SHS9800U is an iron based steel alloy with a near nanoscale (submicron) microstructure that includes chromium, molybdenum and niobium in the material chemistry, resulting in an overlay wear solution well suited for the toughest jobs in the most extreme service environments.
- 68 – 71 HRc in a single pass weld deposit
- Economical iron-based alternative to nickel-based materials containing tungsten carbide
- Good resistance to abrasion and erosion from fine particles
- Highly refined microstructure
SHS9800U is a multicomponent steel alloy with a unique uniform glass-forming melt chemistry that allows high undercooling to be achieved during welding. This results in considerable refinement of the crystalline microstructure down to a near nanosize (submicron) range. Unlike conventional weld overlay materials which are macrocomposites containing hard particles and general carbides in a binder, the refined microstructure of SHS9800U does not incorporate distinct hard particles in a binder and is a uniformly hard matrix when welded. This allows SHS9800U to provide vastly improved hardness and wear resistance that lasts significantly longer than conventional macrocomposites. Additionally, SHS9800U is an iron-based alloy without tungsten carbide particulates.

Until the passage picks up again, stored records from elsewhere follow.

(* For every strategy profile $s$ with $S_0(s)\vee S_1(s)$: $\ \mathsf{SAcBes}(s)\vee\mathsf{SBcAes}(s)\iff\mathsf{SPE}(s)$.
   Context: Let $P=\{A,B\}$ and $\mathrm{Choice}=\{d,r\}$; a payoff function is $f:P\to\mathbb{R}$. Strategy profiles are elements of the final coalgebra of $X\mapsto\mathbb{R}^P+P\times\mathrm{Choice}\times X\times X$ (finite or infinite trees $\langle f\rangle$ or $\langle p,c,s_d,s_r\rangle$, equality being bisimilarity). The payoff $\widehat{s}$ is the partial function given by $\widehat{\langle f\rangle}=f$, $\widehat{\langle p,d,s_d,s_r\rangle}=\widehat{s_d}$, $\widehat{\langle p,r,s_d,s_r\rangle}=\widehat{s_r}$. Convergence $\downarrow$: least predicate with $\downarrow(s)$ iff $s=\langle f\rangle$, or $s=\langle p,d,s_d,s_r\rangle\wedge\downarrow(s_d)$, or $s=\langle p,r,s_d,s_r\rangle\wedge\downarrow(s_r)$. Strong convergence $\Downarrow$: greatest predicate with $\Downarrow(s)$ iff $s=\langle f\rangle$, or $s=\langle p,c,s_d,s_r\rangle$ with $\downarrow(s),\Downarrow(s_d),\Downarrow(s_r)$. For a predicate $\Phi$, $\Box\Phi$ is the greatest predicate such that $\Box\Phi(s)$ iff $\Phi(s)$ and, whenever $s=\langle p,c,s_d,s_r\rangle$, $\Box\Phi(s_d)$ and $\Box\Phi(s_r)$. $\mathsf{PE}(s)$ holds iff $\Downarrow(s)$ and (if $s=\langle p,d,s_d,s_r\rangle$ then $\widehat{s_d}(p)\ge\widehat{s_r}(p)$) and (if $s=\langle p,r,s_d,s_r\rangle$ then $\widehat{s_r}(p)\ge\widehat{s_d}(p)$); $\mathsf{SPE}=\Box\,\mathsf{PE}$. Let $f_{0,1}=(A\mapsto0,B\mapsto1)$, $f_{1,0}=(A\mapsto1,B\mapsto0)$. $S_0,S_1$ are the greatest predicates with $S_0(s)$ iff $s=\langle A,c,\langle f_{0,1}\rangle,s'\rangle$ with $S_1(s')$, and $S_1(s)$ iff $s=\langle B,c,\langle f_{1,0}\rangle,s'\rangle$ with $S_0(s')$ (these are the profiles of the infinite alternating "$0,1$-game"). $\mathsf{AcBes}$ is the least predicate such that $\mathsf{AcBes}(s)$ holds iff: whenever $s=\langle p,c,\langle f\rangle,s'\rangle$, then ($p=A$, $f=f_{0,1}$, $c=r$, $\mathsf{AcBes}(s')$) or ($p=B$, $f=f_{1,0}$, and ($c=d$ or $\mathsf{AcBes}(s')$)). $\mathsf{BcAes}$ is the least predicate such that $\mathsf{BcAes}(s)$ holds iff: whenever $s=\langle p,c,\langle f\rangle,s'\rangle$, then ($p=B$, $f=f_{1,0}$, $c=r$, $\mathsf{BcAes}(s')$) or ($p=A$, $f=f_{0,1}$, and ($c=d$ or $\mathsf{BcAes}(s')$)). $\mathsf{SAcBes}=\Box\,\mathsf{AcBes}$, $\mathsf{SBcAes}=\Box\,\mathsf{BcAes}$. *)

theory Defs
  imports Main "HOL.Real"
begin

datatype P = A | B
datatype Choice = d | r

text \<open>Strategy profiles: final coalgebra of X = (P => real) + P * Choice * X * X;
  equality of codatatype values is bisimilarity.\<close>
codatatype strat = Leaf "P \<Rightarrow> real" | Node P Choice strat strat

partial_function (option) payoff :: "strat \<Rightarrow> (P \<Rightarrow> real) option" where
  "payoff s = (case s of Leaf f \<Rightarrow> Some f
     | Node p c sd sr \<Rightarrow> (if c = d then payoff sd else payoff sr))"

inductive conv :: "strat \<Rightarrow> bool" where
  conv_leaf: "conv (Leaf f)"
| conv_d: "conv sd \<Longrightarrow> conv (Node p d sd sr)"
| conv_r: "conv sr \<Longrightarrow> conv (Node p r sd sr)"

coinductive sconv :: "strat \<Rightarrow> bool" where
  sconv_leaf: "sconv (Leaf f)"
| sconv_node: "conv (Node p c sd sr) \<Longrightarrow> sconv sd \<Longrightarrow> sconv sr \<Longrightarrow> sconv (Node p c sd sr)"

coinductive always :: "(strat \<Rightarrow> bool) \<Rightarrow> strat \<Rightarrow> bool" for \<Phi> where
  always_leaf: "\<Phi> (Leaf f) \<Longrightarrow> always \<Phi> (Leaf f)"
| always_node: "\<Phi> (Node p c sd sr) \<Longrightarrow> always \<Phi> sd \<Longrightarrow> always \<Phi> sr \<Longrightarrow> always \<Phi> (Node p c sd sr)"

definition PE :: "strat \<Rightarrow> bool" where
  "PE s \<longleftrightarrow> sconv s
     \<and> (\<forall>p sd sr. s = Node p d sd sr \<longrightarrow> the (payoff sd) p \<ge> the (payoff sr) p)
     \<and> (\<forall>p sd sr. s = Node p r sd sr \<longrightarrow> the (payoff sr) p \<ge> the (payoff sd) p)"

definition SPE :: "strat \<Rightarrow> bool" where
  "SPE = always PE"

definition f01 :: "P \<Rightarrow> real" where "f01 = (\<lambda>x. case x of A \<Rightarrow> 0 | B \<Rightarrow> 1)"
definition f10 :: "P \<Rightarrow> real" where "f10 = (\<lambda>x. case x of A \<Rightarrow> 1 | B \<Rightarrow> 0)"

coinductive S0 :: "strat \<Rightarrow> bool" and S1 :: "strat \<Rightarrow> bool" where
  S0I: "S1 s' \<Longrightarrow> S0 (Node A c (Leaf f01) s')"
| S1I: "S0 s' \<Longrightarrow> S1 (Node B c (Leaf f10) s')"

inductive AcBes :: "strat \<Rightarrow> bool" where
  AcBes_other: "(\<nexists>p c f s'. s = Node p c (Leaf f) s') \<Longrightarrow> AcBes s"
| AcBes_A: "AcBes s' \<Longrightarrow> AcBes (Node A r (Leaf f01) s')"
| AcBes_Bd: "AcBes (Node B d (Leaf f10) s')"
| AcBes_B: "AcBes s' \<Longrightarrow> AcBes (Node B c (Leaf f10) s')"

inductive BcAes :: "strat \<Rightarrow> bool" where
  BcAes_other: "(\<nexists>p c f s'. s = Node p c (Leaf f) s') \<Longrightarrow> BcAes s"
| BcAes_B: "BcAes s' \<Longrightarrow> BcAes (Node B r (Leaf f10) s')"
| BcAes_Ad: "BcAes (Node A d (Leaf f01) s')"
| BcAes_A: "BcAes s' \<Longrightarrow> BcAes (Node A c (Leaf f01) s')"

definition SAcBes :: "strat \<Rightarrow> bool" where "SAcBes = always AcBes"
definition SBcAes :: "strat \<Rightarrow> bool" where "SBcAes = always BcAes"

end

theory Submission
  imports Defs
begin

text \<open>In a profile of the 0,1-game every subgame that is not a leaf is again such a profile, and a
  convergent one has outcome f01 or f10. At a node whose continuation converges, the
  equilibrium condition says exactly that the continuation has the same outcome as the node itself.
  Hence a subgame perfect equilibrium is a profile all of whose subgames converge to one common
  outcome, and AcBes resp. BcAes hold throughout exactly when that common outcome is f10 resp. f01.\<close>

lemma payoff_Leaf [simp]: "payoff (Leaf f) = Some f"
  by (subst payoff.simps) simp

lemma payoff_Node [simp]: "payoff (Node p c sd sr) = (if c = d then payoff sd else payoff sr)"
  by (subst payoff.simps) simp

lemma conv_Leaf [simp]: "conv (Leaf f)"
  by (fact conv_leaf)

lemma conv_Node [simp]: "conv (Node p c sd sr) \<longleftrightarrow> (if c = d then conv sd else conv sr)"
  by (cases c) (auto intro: conv.intros elim: conv.cases)

lemma f01_f10_simps [simp]: "f01 A = 0" "f01 B = 1" "f10 A = 1" "f10 B = 0" "f01 \<noteq> f10" "f10 \<noteq> f01"
  by (auto simp: f01_def f10_def fun_eq_iff intro: exI[of _ A])

definition zero_one_game :: "strat \<Rightarrow> bool" where
  "zero_one_game s \<longleftrightarrow> S0 s \<or> S1 s"

lemma zero_one_game_cases:
  assumes "zero_one_game s"
  obtains c s' where "s = Node A c (Leaf f01) s'" "zero_one_game s'"
    | c s' where "s = Node B c (Leaf f10) s'" "zero_one_game s'"
  using assms unfolding zero_one_game_def by (auto elim: S0.cases S1.cases)

lemma zero_one_game_NodeD:
  "zero_one_game (Node p c sd sr) \<Longrightarrow>
     zero_one_game sr \<and> (p = A \<and> sd = Leaf f01 \<or> p = B \<and> sd = Leaf f10)"
  by (erule zero_one_game_cases) auto

lemma not_zero_one_game_Leaf [simp]: "\<not> zero_one_game (Leaf f)"
  by (auto elim: zero_one_game_cases)

lemma conv_zero_one_game_payoff:
  "conv s \<Longrightarrow> zero_one_game s \<Longrightarrow> payoff s = Some f01 \<or> payoff s = Some f10"
  by (induction rule: conv.induct) (auto dest: zero_one_game_NodeD)

lemma AcBes_iff_zero_one_game:
  assumes "zero_one_game s"
  shows "AcBes s \<longleftrightarrow> conv s \<and> payoff s = Some f10"
proof
  assume "AcBes s"
  then show "conv s \<and> payoff s = Some f10"
    using assms
  proof (induction rule: AcBes.induct)
    case (AcBes_other s)
    then show ?case by (auto elim: zero_one_game_cases)
  qed (auto intro: conv.intros dest: zero_one_game_NodeD)
next
  assume "conv s \<and> payoff s = Some f10"
  then have "conv s" "payoff s = Some f10" by auto
  then show "AcBes s"
    using assms by (induction rule: conv.induct) (auto intro: AcBes.intros dest: zero_one_game_NodeD)
qed

lemma BcAes_iff_zero_one_game:
  assumes "zero_one_game s"
  shows "BcAes s \<longleftrightarrow> conv s \<and> payoff s = Some f01"
proof
  assume "BcAes s"
  then show "conv s \<and> payoff s = Some f01"
    using assms
  proof (induction rule: BcAes.induct)
    case (BcAes_other s)
    then show ?case by (auto elim: zero_one_game_cases)
  qed (auto intro: conv.intros dest: zero_one_game_NodeD)
next
  assume "conv s \<and> payoff s = Some f01"
  then have "conv s" "payoff s = Some f01" by auto
  then show "BcAes s"
    using assms by (induction rule: conv.induct) (auto intro: BcAes.intros dest: zero_one_game_NodeD)
qed

lemma sconv_imp_conv: "sconv s \<Longrightarrow> conv s"
  by (erule sconv.cases) (auto intro: conv.intros)

lemma PE_zero_one_game_Node_iff:
  assumes "zero_one_game (Node p c (Leaf f) s')" and "conv s'"
  shows "PE (Node p c (Leaf f) s') \<longleftrightarrow>
    sconv (Node p c (Leaf f) s') \<and> payoff s' = payoff (Node p c (Leaf f) s')"
proof -
  from assms have "p = A \<and> f = f01 \<or> p = B \<and> f = f10"
    and "payoff s' = Some f01 \<or> payoff s' = Some f10"
    by (auto dest: zero_one_game_NodeD conv_zero_one_game_payoff)
  then show ?thesis
    by (cases c) (auto simp: PE_def)
qed

lemma always_Leaf_iff [simp]: "always \<Phi> (Leaf f) \<longleftrightarrow> \<Phi> (Leaf f)"
  by (auto intro: always_leaf elim: always.cases)

lemma always_Node_iff [simp]:
  "always \<Phi> (Node p c sd sr) \<longleftrightarrow> \<Phi> (Node p c sd sr) \<and> always \<Phi> sd \<and> always \<Phi> sr"
  by (auto intro: always_node elim: always.cases)

lemma always_coinduct_Leaf_left:
  assumes "X s"
    and "\<And>t. X t \<Longrightarrow> \<exists>p c f t'. t = Node p c (Leaf f) t' \<and> \<Phi> t \<and> X t'"
    and "\<And>f. \<Phi> (Leaf f)"
  shows "always \<Phi> s"
  using assms(1)
proof (coinduction arbitrary: s rule: always.coinduct)
  case (always s)
  then show ?case using assms(2,3) by fastforce
qed

text \<open>Only the right spine matters: in the profiles considered here all left children are leaves.\<close>

coinductive constant_outcome :: "(P \<Rightarrow> real) \<Rightarrow> strat \<Rightarrow> bool" for v where
  "conv (Node p c (Leaf f) s') \<Longrightarrow> payoff (Node p c (Leaf f) s') = Some v \<Longrightarrow>
    constant_outcome v s' \<Longrightarrow> constant_outcome v (Node p c (Leaf f) s')"

lemma constant_outcome_conv_payoff: "constant_outcome v s \<Longrightarrow> conv s \<and> payoff s = Some v"
  by (erule constant_outcome.cases) simp

lemma constant_outcome_sconv: "constant_outcome v s \<Longrightarrow> sconv s"
proof (coinduction arbitrary: s rule: sconv.coinduct)
  case (sconv s)
  then show ?case by (cases rule: constant_outcome.cases) (auto intro: sconv_leaf)
qed

lemma constant_outcome_imp_always:
  assumes "constant_outcome v s" and "zero_one_game s"
    and "\<And>f. \<Phi> (Leaf f)"
    and "\<And>t. zero_one_game t \<Longrightarrow> constant_outcome v t \<Longrightarrow> \<Phi> t"
  shows "always \<Phi> s"
proof (rule always_coinduct_Leaf_left[where X = "\<lambda>t. constant_outcome v t \<and> zero_one_game t"])
  show "constant_outcome v s \<and> zero_one_game s"
    using assms(1,2) ..
next
  fix t
  assume t: "constant_outcome v t \<and> zero_one_game t"
  then obtain p c f t' where t_Node: "t = Node p c (Leaf f) t'" and "constant_outcome v t'"
    by (auto elim: constant_outcome.cases)
  moreover have "zero_one_game t'" "\<Phi> t"
    using t t_Node assms(4) by (auto dest: zero_one_game_NodeD)
  ultimately show
    "\<exists>p c f t'. t = Node p c (Leaf f) t' \<and> \<Phi> t \<and> constant_outcome v t' \<and> zero_one_game t'"
    by blast
qed (fact assms(3))

lemma always_iff_constant_outcome:
  assumes "zero_one_game s"
    and "\<And>f. \<Phi> (Leaf f)"
    and "\<And>t. zero_one_game t \<Longrightarrow> \<Phi> t \<longleftrightarrow> conv t \<and> payoff t = Some v"
  shows "always \<Phi> s \<longleftrightarrow> constant_outcome v s"
proof
  assume "always \<Phi> s"
  then show "constant_outcome v s"
    using assms(1)
  proof (coinduction arbitrary: s rule: constant_outcome.coinduct)
    case (constant_outcome s)
    then obtain p c f s' where s: "s = Node p c (Leaf f) s'" and "zero_one_game s'"
      by (auto elim: zero_one_game_cases)
    moreover have "\<Phi> s" "always \<Phi> s'"
      using constant_outcome(1) s by auto
    ultimately show ?case
      using assms(3) constant_outcome(2) by blast
  qed
next
  assume "constant_outcome v s"
  then show "always \<Phi> s"
    using assms by (auto intro: constant_outcome_imp_always dest: constant_outcome_conv_payoff)
qed

lemma alwaysD: "always \<Phi> s \<Longrightarrow> \<Phi> s"
  by (erule always.cases) simp_all

lemma SPE_imp_conv: "SPE s \<Longrightarrow> conv s"
  unfolding SPE_def PE_def by (auto dest: alwaysD sconv_imp_conv)

lemma SPE_iff_constant_outcome:
  assumes "zero_one_game s"
  shows "SPE s \<longleftrightarrow> (\<exists>v. constant_outcome v s)"
proof
  assume "SPE s"
  obtain v where "payoff s = Some v"
    using conv_zero_one_game_payoff[OF SPE_imp_conv[OF \<open>SPE s\<close>] assms] by blast
  with \<open>SPE s\<close> assms have "constant_outcome v s"
  proof (coinduction arbitrary: s rule: constant_outcome.coinduct)
    case (constant_outcome s)
    then obtain p c f s' where s: "s = Node p c (Leaf f) s'" and "zero_one_game s'"
      by (auto elim: zero_one_game_cases)
    with constant_outcome have "PE s" "SPE s'"
      by (simp_all add: SPE_def)
    with constant_outcome s have "conv s" "payoff s' = Some v"
      using PE_zero_one_game_Node_iff SPE_imp_conv sconv_imp_conv by auto
    with s \<open>SPE s'\<close> \<open>zero_one_game s'\<close> \<open>payoff s = Some v\<close> show ?case
      by auto
  qed
  then show "\<exists>v. constant_outcome v s" by blast
next
  assume "\<exists>v. constant_outcome v s"
  then obtain v where "constant_outcome v s" ..
  then show "SPE s"
    unfolding SPE_def using assms
  proof (rule constant_outcome_imp_always)
    show "PE (Leaf f)" for f
      by (simp add: PE_def sconv_leaf)
    fix t
    assume game_t: "zero_one_game t" and co_t: "constant_outcome v t"
    then obtain p c f t' where t: "t = Node p c (Leaf f) t'" and co_t': "constant_outcome v t'"
      by (auto elim: constant_outcome.cases)
    have "conv t'" "payoff t' = payoff t"
      using constant_outcome_conv_payoff[OF co_t] constant_outcome_conv_payoff[OF co_t'] by auto
    then show "PE t"
      using PE_zero_one_game_Node_iff[of p c f t'] game_t constant_outcome_sconv[OF co_t]
      unfolding t by blast
  qed
qed

lemma constant_outcome_zero_one_game:
  "constant_outcome v s \<Longrightarrow> zero_one_game s \<Longrightarrow> v = f01 \<or> v = f10"
  using constant_outcome_conv_payoff conv_zero_one_game_payoff by fastforce

theorem mainTheorem12:
  fixes s :: strat
  assumes "S0 s \<or> S1 s"
  shows "SAcBes s \<or> SBcAes s \<longleftrightarrow> SPE s"
proof -
  have game: "zero_one_game s"
    using assms unfolding zero_one_game_def .
  have "SAcBes s \<longleftrightarrow> constant_outcome f10 s"
    unfolding SAcBes_def using game
    by (rule always_iff_constant_outcome) (auto intro: AcBes_other simp: AcBes_iff_zero_one_game)
  moreover have "SBcAes s \<longleftrightarrow> constant_outcome f01 s"
    unfolding SBcAes_def using game
    by (rule always_iff_constant_outcome) (auto intro: BcAes_other simp: BcAes_iff_zero_one_game)
  ultimately show ?thesis
    using SPE_iff_constant_outcome[OF game] constant_outcome_zero_one_game[OF _ game] by blast
qed

end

SHS9800U maintains maximum hardness performance of 68 – 71 HRC from the weld interface throughout the entire overlay in single pass applications allowing the overlay to be fully protective throughout the volume.
EXTREME ABRASION/EROSION RESISTANCE
SHS9800U weld deposits should be limited to two layers maximum for most applications. Both single and double layers provide exceptional wear resistance of typical 0.12 g mass loss in ASTM G65-04 dry sand rubber wheel abrasion tests.
The superior toughness of SHS9800U occurs from the in-situ formation of high-volume fraction of refined complex borocarbide phases during welding which are surrounded by ductile phases. The borocarbide phases, which form during solidification, are completely wetted by the matrix and prevent premature pull-out, delamination and crack nucleation. The refined nature of the borocarbide phases allows the reduction of stress concentration sites and the ductile matrix supplies effective crack blunting and bridging, resulting in improved impact resistance.